I like the online presence indicator. In our instance, it looks like a green border around the profile picture.
I find it particularly useful to see in Chat Channels.
I’m curious how it works and when it switches “on” and "off. What constitutes being online? Is there a time limit for inactivity or lack of focus? Does it work with the Discourse Hub and a PWA as well as on a desktop browser?
Thanks for the info.
I’d like to include more info about it as part of a guide for those who are new to using chat channels and personal chat.
I asked our chat team and they shared this note from the library that handles the user presence:
Which equates to: show online if…
browser is not in the background, and
there has been user activity in the last minute
Both are browsers, and allow user activity, so it will reflect it when the user is actually looking at the site (merely opening Discourse Hub app doesn’t constitute “viewing” the site in a browser, for instance).

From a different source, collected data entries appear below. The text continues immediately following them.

text \<open>The push-sum weights phi stay between a positive constant and N, so the matrices
  a_ij phi_j / phi_i driving the x- and y-updates are row stochastic with entries bounded below on
  active edges. Every edge is active for every block within a bounded time and the graph is
  strongly connected, so backward products of these matrices are entrywise positive over windows
  of fixed length and contract the spread of every coordinate profile geometrically. The
  phi-weighted mean of the tracking variables y is the mean gradient, which makes y bounded; by
  strong convexity of the surrogates the local steps are then bounded, and the distance of x to
  the weighted average is at most C (lam^t + sum_u lam^(t-u) gamma^u). Square summability of the
  step sizes gives the three claims.\<close>

section \<open>Convex analysis\<close>

lemma graph_not_in_rel_interior_epigraph:
  fixes f :: "'a::euclidean_space \<Rightarrow> real"
  shows "(p, f p) \<notin> rel_interior (epigraph UNIV f)"
proof
  assume "(p, f p) \<in> rel_interior (epigraph UNIV f)"
  then obtain e where e: "e > 0" "ball (p, f p) e \<inter> affine hull (epigraph UNIV f) \<subseteq> epigraph UNIV f"
    by (auto simp: rel_interior_ball)
  \<comment> \<open>the point below the graph is an affine combination of two points of the epigraph\<close>
  define q where "q = (p, f p - e/2)"
  have "(p, f p + e/2) \<in> affine hull (epigraph UNIV f)" and "(p, f p) \<in> affine hull (epigraph UNIV f)"
    using e by (auto intro: hull_inc simp: mem_epigraph)
  hence "2 *\<^sub>R (p, f p) + (1 - 2) *\<^sub>R (p, f p + e/2) \<in> affine hull (epigraph UNIV f)"
    by (intro mem_affine[OF affine_affine_hull]) auto
  moreover have "q = 2 *\<^sub>R (p, f p) + (1 - 2) *\<^sub>R (p, f p + e/2)"
    by (simp add: q_def algebra_simps scaleR_2)
  moreover have "q \<in> ball (p, f p) e"
    using e by (simp add: q_def dist_Pair_Pair dist_real_def)
  ultimately have "q \<in> epigraph UNIV f" using e by auto
  thus False using e by (simp add: q_def mem_epigraph)
qed

lemma convex_on_UNIV_has_subgradient:
  fixes R :: "'a::euclidean_space \<Rightarrow> real"
  assumes "convex_on UNIV R"
  obtains s where "\<And>w. R p + inner s (w - p) \<le> R w"
proof -
  obtain a where a0: "a \<noteq> 0" and supp: "\<And>z. z \<in> epigraph UNIV R \<Longrightarrow> a \<bullet> (p, R p) \<le> a \<bullet> z"
    using supporting_hyperplane_rel_boundary[OF convex_epigraphI[OF assms] _
        graph_not_in_rel_interior_epigraph]
    by (metis UNIV_I mem_epigraph order_refl)
  obtain a1 a2 where aa: "a = (a1, a2)" by (cases a)
  have key: "a1 \<bullet> p + a2 * R p \<le> a1 \<bullet> v + a2 * h" if "R v \<le> h" for v h
    using supp[of "(v, h)"] that by (simp add: mem_epigraph aa inner_Pair)
  have "a2 \<ge> 0"
    using key[of p "R p + 1"] by (simp add: algebra_simps)
  moreover have "a2 \<noteq> 0"
  proof
    assume z: "a2 = 0"
    have "a1 \<bullet> p \<le> a1 \<bullet> (p - a1)" using key[of "p - a1" "R (p - a1)"] z by simp
    hence "a1 \<bullet> a1 \<le> 0" by (simp add: inner_diff_right)
    hence "a1 = 0" by (metis inner_gt_zero_iff not_le)
    thus False using a0 z aa by (simp add: zero_prod_def)
  qed
  ultimately have a2pos: "a2 > 0" by simp
  show thesis
  proof
    fix w
    have "a1 \<bullet> p + a2 * R p \<le> a1 \<bullet> w + a2 * R w" using key[of w "R w"] by simp
    hence "R p - (1/a2) * (a1 \<bullet> (w - p)) \<le> R w" using a2pos
      by (simp add: field_simps inner_diff_right)
    thus "R p + inner (- (1/a2) *\<^sub>R a1) (w - p) \<le> R w" by simp
  qed
qed

lemma convex_on_above_tangent_within:
  fixes F :: "'v::real_normed_vector \<Rightarrow> real"
  assumes cv: "convex_on S F" and pS: "p \<in> S" and qS: "q \<in> S"
    and der: "(F has_derivative F') (at p within S)"
  shows "F' (q - p) \<le> F q - F p"
proof -
  define \<phi> where "\<phi> \<theta> = F (p + \<theta> *\<^sub>R (q - p))" for \<theta> :: real
  have segment: "p + \<theta> *\<^sub>R (q - p) \<in> S" if "0 \<le> \<theta>" "\<theta> \<le> 1" for \<theta>
  proof -
    have "(1 - \<theta>) *\<^sub>R p + \<theta> *\<^sub>R q \<in> S"
      using cv pS qS that by (intro convexD) (auto simp: convex_on_def)
    thus ?thesis by (simp add: algebra_simps)
  qed
  have "((\<lambda>\<theta>::real. p + \<theta> *\<^sub>R (q - p)) has_derivative (\<lambda>h. h *\<^sub>R (q - p))) (at 0 within {0..1})"
    by (auto intro!: derivative_eq_intros)
  moreover have "(\<lambda>\<theta>. p + \<theta> *\<^sub>R (q - p)) ` {0..1} \<subseteq> S"
    using segment by auto
  hence "(F has_derivative F') (at (p + 0 *\<^sub>R (q - p)) within (\<lambda>\<theta>. p + \<theta> *\<^sub>R (q - p)) ` {0..1})"
    using has_derivative_subset[OF der] by simp
  ultimately have "(\<phi> has_derivative (\<lambda>h. F' (h *\<^sub>R (q - p)))) (at 0 within {0..1})"
    unfolding \<phi>_def by (rule has_derivative_in_compose)
  moreover have "F' (h *\<^sub>R (q - p)) = F' (q - p) * h" for h
    using der by (simp add: has_derivative_def linear_simps)
  ultimately have "(\<phi> has_field_derivative F' (q - p)) (at 0 within {0..1})"
    by (simp add: has_field_derivative_def)
  hence lim: "((\<lambda>\<theta>. (\<phi> \<theta> - \<phi> 0) / (\<theta> - 0)) \<longlongrightarrow> F' (q - p)) (at 0 within {0..1})"
    by (simp add: has_field_derivative_iff)
  have "eventually (\<lambda>\<theta>. (\<phi> \<theta> - \<phi> 0) / (\<theta> - 0) \<le> F q - F p) (at 0 within {0..1::real})"
    unfolding eventually_at_filter
  proof (intro always_eventually allI impI)
    fix \<theta> :: real assume \<theta>: "\<theta> \<noteq> 0" "\<theta> \<in> {0..1}"
    have "F ((1 - \<theta>) *\<^sub>R p + \<theta> *\<^sub>R q) \<le> (1 - \<theta>) * F p + \<theta> * F q"
      using convex_onD[OF cv] pS qS \<theta> by auto
    hence "\<phi> \<theta> - \<phi> 0 \<le> \<theta> * (F q - F p)" by (simp add: \<phi>_def algebra_simps)
    thus "(\<phi> \<theta> - \<phi> 0) / (\<theta> - 0) \<le> F q - F p" using \<theta> by (simp add: divide_le_eq mult.commute)
  qed
  moreover have "at (0::real) within {0..1} \<noteq> bot"
    by (simp add: at_within_Icc_at_right)
  ultimately show ?thesis using tendsto_upperbound[OF lim] by blast
qed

Does that give you enough detail to share with your community?
Do you use the plugin currently? If your plugin setting timer is set to 60 seconds, there might not be any way to tell which system is setting the active border on the avatars.
Is there a way to put fake numbers of people online? I see that there is a site competing with mine that always lies about the number of people online to say that it is busier than mine! So I was wondering, is it possible to put 10 fake people online all the time + the real number of people online?
Of course it is, and quote easily, but… why? There is no more content anyway.
That sounds… really childish. As childish as those ads telling my neighbour, who has surprisingly foreign name, has bought right now gizmo X, or those hundreds girls living next door, and I live middle of nowhere, want closer interactions exactly with me. Really — who believes and the most important point of view: who even cares?
I fully support your views on this. It’s just sort of aggressively showing yourself to be ‘more’ than you ‘truly are’. And that most of us do all the time in our day to day life (even though we may pretend that we don’t). Don’t we?